Based on this idea, some Nevada medical professionals are questioning whether or not pharmacogenetics would be a good way to address treatment needs of those in recovery. Essentially, this field of medical study focuses on how an individual’s genes will interact with different medications. Not everyone with the same disorders will respond the same to a certain medication, dose of medication, or combination of drugs, and that is largely due to genetic makeup. Theoretically, swabbing inside a patient’s cheek will acquire enough genetic information to help doctors better understand how that person will respond to different medications. This incredible process has been in use to some degree since the 1950s, but only about 12 percent of doctors take advantage due to time or lack of understanding.
Could pharmacogenetics change how we treat addiction?
For starters, if more doctors made use of pharmacogenetics when they first determine that chronic pain is the issue and that medication is needed, it could help to home in on the right medication, dose, and combination of medications without the dangerous “try this, then that” approach that many doctors take. Too often, in the case of an acute pain issue like a dental procedure or minor surgery, doctors will give too large a dose of painkillers for too long of a time or not require recommended medical follow-up care before refilling a prescription. As a result, a routine pain management issue can turn into substance abuse and ultimately a drug addiction.
With chronic pain, the same thing can happen but on a larger scale. Doctors may start with too high a dose or continue to inch up the dose over months despite the fact that the patient is developing an addiction. Conversely, if the doctor is withholding pain management assistance for fear of inadvertently triggering an addiction, then the patient may turn to the street to buy pills and/or heroin.
Theoretically, pharmacogenetics could remove the guesswork from dosing. With the genetic information, doctors can determine how the body will break down and respond to different substances, and potentially be able to choose a medication regimen that is uniquely suited to that person, eliminating the guesswork of what will be effective. It could also potentially identify people who would not benefit from opiate use at all, avoiding the whole issue.
Pharmacogenetics, when it is used, can determine how quickly someone will metabolize their medication. Depending on that rate, a larger or smaller dose may be effective. While this is important information in the treatment of a number of disorders – for example, it was first used in the treatment of cancer patients – it may also be helpful in determining the course of care for people who are undergoing medication-assisted treatment for addiction. Genetic information could potentially better inform an accurate dosing schedule and make the detox process more efficient and less expensive.

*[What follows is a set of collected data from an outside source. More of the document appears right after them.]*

(* Let $a\in\mathbb{N}_0$ and $b\notin\mathbb{Z}$, and let $\rho(x;a,b)$ be the unique quasi-rational antiderivative of $(1-x)^a(1+x)^b$ belonging to $(1+x)^{b+1}\mathcal{Q}_\pm$. Then $\rho(1;a,b)=\nu(a,b)$, where $\nu(a,b)=2^{1+a+b}\frac{\Gamma(a+1)\Gamma(b+1)}{\Gamma(a+b+2)}$.
   Context: $\mathcal{Q}_\pm$ is the set of rational functions regular at $x=1$ and $x=-1$. A function is quasi-rational if its logarithmic derivative is rational. *)

theory Defs
  imports "HOL-Analysis.Analysis" "HOL-Computational_Algebra.Polynomial"
begin

definition nu :: "nat \<Rightarrow> real \<Rightarrow> real" where
  "nu a b = 2 powr (1 + real a + b) * Gamma (real a + 1) * Gamma (b + 1) / Gamma (real a + b + 2)"

text \<open>A rational function p/q regular at x = 1 and x = -1 (an element of Q_pm).\<close>
definition in_Qpm :: "real poly \<Rightarrow> real poly \<Rightarrow> bool" where
  "in_Qpm p q \<longleftrightarrow> poly q 1 \<noteq> 0 \<and> poly q (-1) \<noteq> 0"

definition is_rho :: "nat \<Rightarrow> real \<Rightarrow> real poly \<Rightarrow> real poly \<Rightarrow> bool" where
  "is_rho a b p q \<longleftrightarrow> in_Qpm p q \<and>
     (\<forall>x. -1 < x \<and> x < 1 \<and> poly q x \<noteq> 0 \<longrightarrow>
        ((\<lambda>t. (1 + t) powr (b + 1) * poly p t / poly q t)
           has_real_derivative ((1 - x) ^ a * (1 + x) powr b)) (at x))"

definition rho_at_1 :: "real \<Rightarrow> real poly \<Rightarrow> real poly \<Rightarrow> real" where
  "rho_at_1 b p q = 2 powr (b + 1) * poly p 1 / poly q 1"

end

theory Submission
  imports Defs
begin

text \<open>Writing \<open>\<rho> = (1 + x) powr (b + 1) * p / q\<close>, the equation
  \<open>\<rho>' = (1 - x) ^ a * (1 + x) powr b\<close> becomes the polynomial identity
  \<open>(b + 1) p q + (1 + x) (p' q - p q') = (1 - x) ^ a q\<^sup>2\<close>.
  Expanding \<open>(1 - x) ^ a = (2 - (1 + x)) ^ a\<close> and integrating term by term gives the solution
  \<open>P = \<Sum>k\<le>a. (a choose k) 2 ^ (a - k) (-1) ^ k (1 + x) ^ k / (b + 1 + k)\<close> with \<open>q = 1\<close>.
  For any other solution, \<open>p - P q\<close> solves the homogeneous equation, whose top coefficient is
  \<open>b + 1 + deg (p - P q) - deg q\<close> times a nonzero number; as \<open>b \<notin> \<int>\<close>, this forces \<open>p = P q\<close>.
  So \<open>\<rho>(1) = 2 powr (b + 1) P(1)\<close>, and the partial fraction expansion
  \<open>\<Sum>k\<le>a. (a choose k) (-1) ^ k / (s + k) = a! / pochhammer s (a + 1)\<close> turns this into \<open>\<nu>(a, b)\<close>.\<close>

lemma sum_choose_Suc:
  fixes g :: "nat \<Rightarrow> 'a :: comm_semiring_1"
  shows "(\<Sum>k\<le>Suc n. of_nat (Suc n choose k) * g k) =
         (\<Sum>k\<le>n. of_nat (n choose k) * g k) + (\<Sum>k\<le>n. of_nat (n choose k) * g (Suc k))"
proof -
  have "(\<Sum>k\<le>Suc n. of_nat (Suc n choose k) * g k)
      = (g 0 + (\<Sum>k\<le>n. of_nat (n choose Suc k) * g (Suc k))) + (\<Sum>k\<le>n. of_nat (n choose k) * g (Suc k))"
    by (simp add: sum.atMost_Suc_shift sum.distrib algebra_simps del: sum.atMost_Suc)
  also have "g 0 + (\<Sum>k\<le>n. of_nat (n choose Suc k) * g (Suc k)) = (\<Sum>k\<le>n. of_nat (n choose k) * g k)"
    using sum.atMost_Suc_shift[of "\<lambda>k. of_nat (n choose k) * g k" n] by (simp add: binomial_eq_0)
  finally show ?thesis .
qed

An estimated 60 percent of people living with an addiction disorder are also living with a co-occurring mental health disorder, according to Nora Volkow, Director of the National Institute on Drug Abuse. Both disorders must be treated at the same time in order for the person to stabilize in recovery, and pharmacogenetics has been successfully used to focus on the right medication resources for patients who are experiencing extreme mental health symptoms.
Could this be effectively put to use for those in recovery from both addiction and a mental health disorder? With a swifter stabilization of mental health symptoms, those in recovery would be free to turn their attention to the work that must be done during treatment and early recovery: figuring out their triggers, working on positive communication and relationships, and practicing new coping mechanisms that will carry them through in sobriety.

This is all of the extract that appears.